Flutterby™! : That UTF-8 error

Next unread comment / Catchup all unread comments User Account Info | Logout | XML/Pilot/etc versions | Long version (with comments) | Weblog archives | Site Map | | Browse Topics

That UTF-8 error

2008-06-06 18:56:07.343985+00 by Dan Lyke 16 comments

Okay, if anyone out there knows a little bit about Perl and character sets, I need some help with that UTF-8 character people have been running into... More in the comments.

[ related topics: Flutterby Meta Perl Open Source ]

comments in ascending chronological order (reverse):

#Comment Re: made: 2008-06-06 19:05:04.556442+00 by: Dan Lyke

Hang on, testing to make sure it's not something simple and stupid...

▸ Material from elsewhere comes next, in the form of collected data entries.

lemma separated_image:
  assumes "separated GG" "\<And>X. X \<in> GG \<Longrightarrow> h X \<noteq> {} \<and> finite (h X)"
    "\<And>X Y. X \<in> GG \<Longrightarrow> Y \<in> GG \<Longrightarrow> \<forall>x\<in>X. \<forall>y\<in>Y. x < y \<Longrightarrow> \<forall>x\<in>h X. \<forall>y\<in>h Y. x < y"
  shows "separated (h ` GG)"
  unfolding separated_def
proof (intro conjI ballI impI)
  show "finite (h ` GG)" using assms(1) by (simp add: separated_def)
next
  fix Z assume "Z \<in> h ` GG"
  then show "Z \<noteq> {}" "finite Z" using assms(2) by auto
next
  fix Z W assume "Z \<in> h ` GG" "W \<in> h ` GG" "Z \<noteq> W"
  then obtain X Y where XY: "X \<in> GG" "Y \<in> GG" "Z = h X" "W = h Y" "X \<noteq> Y" by blast
  then have "(\<forall>x\<in>X. \<forall>y\<in>Y. x < y) \<or> (\<forall>x\<in>Y. \<forall>y\<in>X. x < y)"
    using assms(1) unfolding separated_def by blast
  then show "(\<forall>x\<in>Z. \<forall>y\<in>W. x < y) \<or> (\<forall>x\<in>W. \<forall>y\<in>Z. x < y)"
    using assms(3) XY by blast
qed

lemma separated_UN:
  assumes "separated GG" "\<And>X. X \<in> GG \<Longrightarrow> separated (f X) \<and> \<Union>(f X) \<subseteq> X"
  shows "separated (\<Union>X\<in>GG. f X)"
  unfolding separated_def
proof (intro conjI ballI impI)
  show "finite (\<Union>X\<in>GG. f X)" using assms by (auto simp: separated_def)
next
  fix F assume "F \<in> (\<Union>X\<in>GG. f X)"
  then obtain X where "X \<in> GG" "F \<in> f X" by blast
  then show "F \<noteq> {}" "finite F" using assms(2) separatedD by blast+
next
  fix E F assume "E \<in> (\<Union>X\<in>GG. f X)" "F \<in> (\<Union>X\<in>GG. f X)" "E \<noteq> F"
  then obtain X Y where XY: "X \<in> GG" "E \<in> f X" "Y \<in> GG" "F \<in> f Y" by blast
  show "(\<forall>x\<in>E. \<forall>y\<in>F. x < y) \<or> (\<forall>x\<in>F. \<forall>y\<in>E. x < y)"
  proof (cases "X = Y")
    case True
    then show ?thesis using assms(2)[OF XY(1)] XY \<open>E \<noteq> F\<close> unfolding separated_def by blast
  next
    case False
    then have "(\<forall>x\<in>X. \<forall>y\<in>Y. x < y) \<or> (\<forall>x\<in>Y. \<forall>y\<in>X. x < y)"
      using assms(1) XY unfolding separated_def by blast
    moreover have "E \<subseteq> X" "F \<subseteq> Y" using assms(2) XY by blast+
    ultimately show ?thesis by blast
  qed
qed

#Comment Re: made: 2008-06-06 19:06:56.419288+00 by: Dan Lyke [edit history]

A Euro symbol: €

Adding a `

#Comment Re: made: 2008-06-06 19:07:33.189242+00 by: ziffle

Dan, its about two US dollars.

#Comment Re: made: 2008-06-06 19:14:36.40769+00 by: ebradway [edit history]

`try this' - hmmm...

#Comment Re: made: 2008-06-06 19:16:00.740395+00 by: ebradway

Yep. It's the grave (below the tilde). Right now it's only when you edit an existing comment - not when you post a new comment.

#Comment Re: made: 2008-06-06 19:18:46.755553+00 by: ebradway [edit history]

`` I think you got it...

#Comment Re: made: 2008-06-06 19:22:29.670531+00 by: Dan Lyke [edit history]

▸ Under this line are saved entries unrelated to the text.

lemma erlang_CDF_le_power:
  fixes b t :: real
  assumes b: "0 < b" and t: "0 \<le> t"
  shows "erlang_CDF N b t \<le> (b * t) ^ (N + 1) / fact N"
proof -
  have "fact N / b ^ (N + 1) * erlang_CDF N b t = (\<integral>z. indicator {0..t} z * (z ^ N * exp (- b * z)) \<partial>lborel)"
    using has_bochner_integral_power_exp_Icc[OF b t] by (simp add: has_bochner_integral_iff)
  also have "\<dots> \<le> (\<integral>z. indicator {0..t} z * t ^ N \<partial>lborel)"
  proof (rule integral_mono)
    show "integrable lborel (\<lambda>z. indicator {0..t} z * (z ^ N * exp (- b * z)))"
      using has_bochner_integral_power_exp_Icc[OF b t] by (simp add: has_bochner_integral_iff)
    show "integrable lborel (\<lambda>z. indicator {0..t} z * t ^ N :: real)"
      by (intro integrable_mult_left) (simp add: t)
    show "indicator {0..t} z * (z ^ N * exp (- b * z)) \<le> indicator {0..t} z * t ^ N" for z
    proof (cases "0 \<le> z \<and> z \<le> t")
      case True
      then have "z ^ N * exp (- b * z) \<le> t ^ N * 1"
        using b by (intro mult_mono power_mono) auto
      then show ?thesis
        using True by simp
    qed simp
  qed
  also have "\<dots> = t ^ (N + 1)"
    using t by simp
  finally show ?thesis
    using b by (simp add: field_simps power_mult_distrib)
qed

lemma lower_gamma_Suc_eq_erlang_CDF:
  assumes s: "0 \<le> s"
  shows "lower_gamma (real (Suc N)) s = fact N * erlang_CDF N 1 s"
proof -
  have "has_bochner_integral lborel (\<lambda>z. indicator {0..s} z * (z ^ N * exp (- z))) (fact N * erlang_CDF N 1 s)"
    using has_bochner_integral_power_exp_Icc[of 1 s N] s by simp
  then have "((\<lambda>z. indicator {0..s} z * (z ^ N * exp (- z))) has_integral fact N * erlang_CDF N 1 s) UNIV"
    unfolding has_bochner_integral_iff using has_integral_integral_lborel by metis
  also have "(\<lambda>z. indicator {0..s} z * (z ^ N * exp (- z))) = (\<lambda>z. if z \<in> {0..s} then z ^ N * exp (- z) else 0)"
    by (simp add: fun_eq_iff)
  finally have "((\<lambda>z. z ^ N * exp (- z)) has_integral fact N * erlang_CDF N 1 s) {0..s}"
    unfolding has_integral_restrict_UNIV .
  moreover have "lower_gamma (real (Suc N)) s = integral {0..s} (\<lambda>z. z ^ N * exp (- z))"
    unfolding lower_gamma_def by (rule integral_spike[of "{0}"]) (auto simp: powr_realpow)
  ultimately show ?thesis
    by (simp add: integral_unique)
qed

lemma pochhammer_Suc_of_nat: "pochhammer (real (Suc m)) l = fact (m + l) / fact m"
proof -
  have "(fact (m + l) :: real) = pochhammer 1 m * pochhammer (1 + real m) l"
    by (simp add: pochhammer_fact pochhammer_product')
  then show ?thesis
    by (simp add: pochhammer_fact[symmetric] field_simps)
qed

So depending on the client character set, the code looks like:

while ($t =~ /^(.*?)([\x80-\x{ffff}])(.*)$/)
            {
                $t = sprintf("%s&#%d;%s",$1,ord($2),$3);
            }

or

while ($t =~ /^(.*?)([\x80-\xff])(.*)$/)
            {
                $t = sprintf("%s&#%d;%s",$1,ord($2),$3);
            }

I've even tossed the second in the first code path, thinking that at worst it'd give me bad characters, but neither seems to be substituting correctly.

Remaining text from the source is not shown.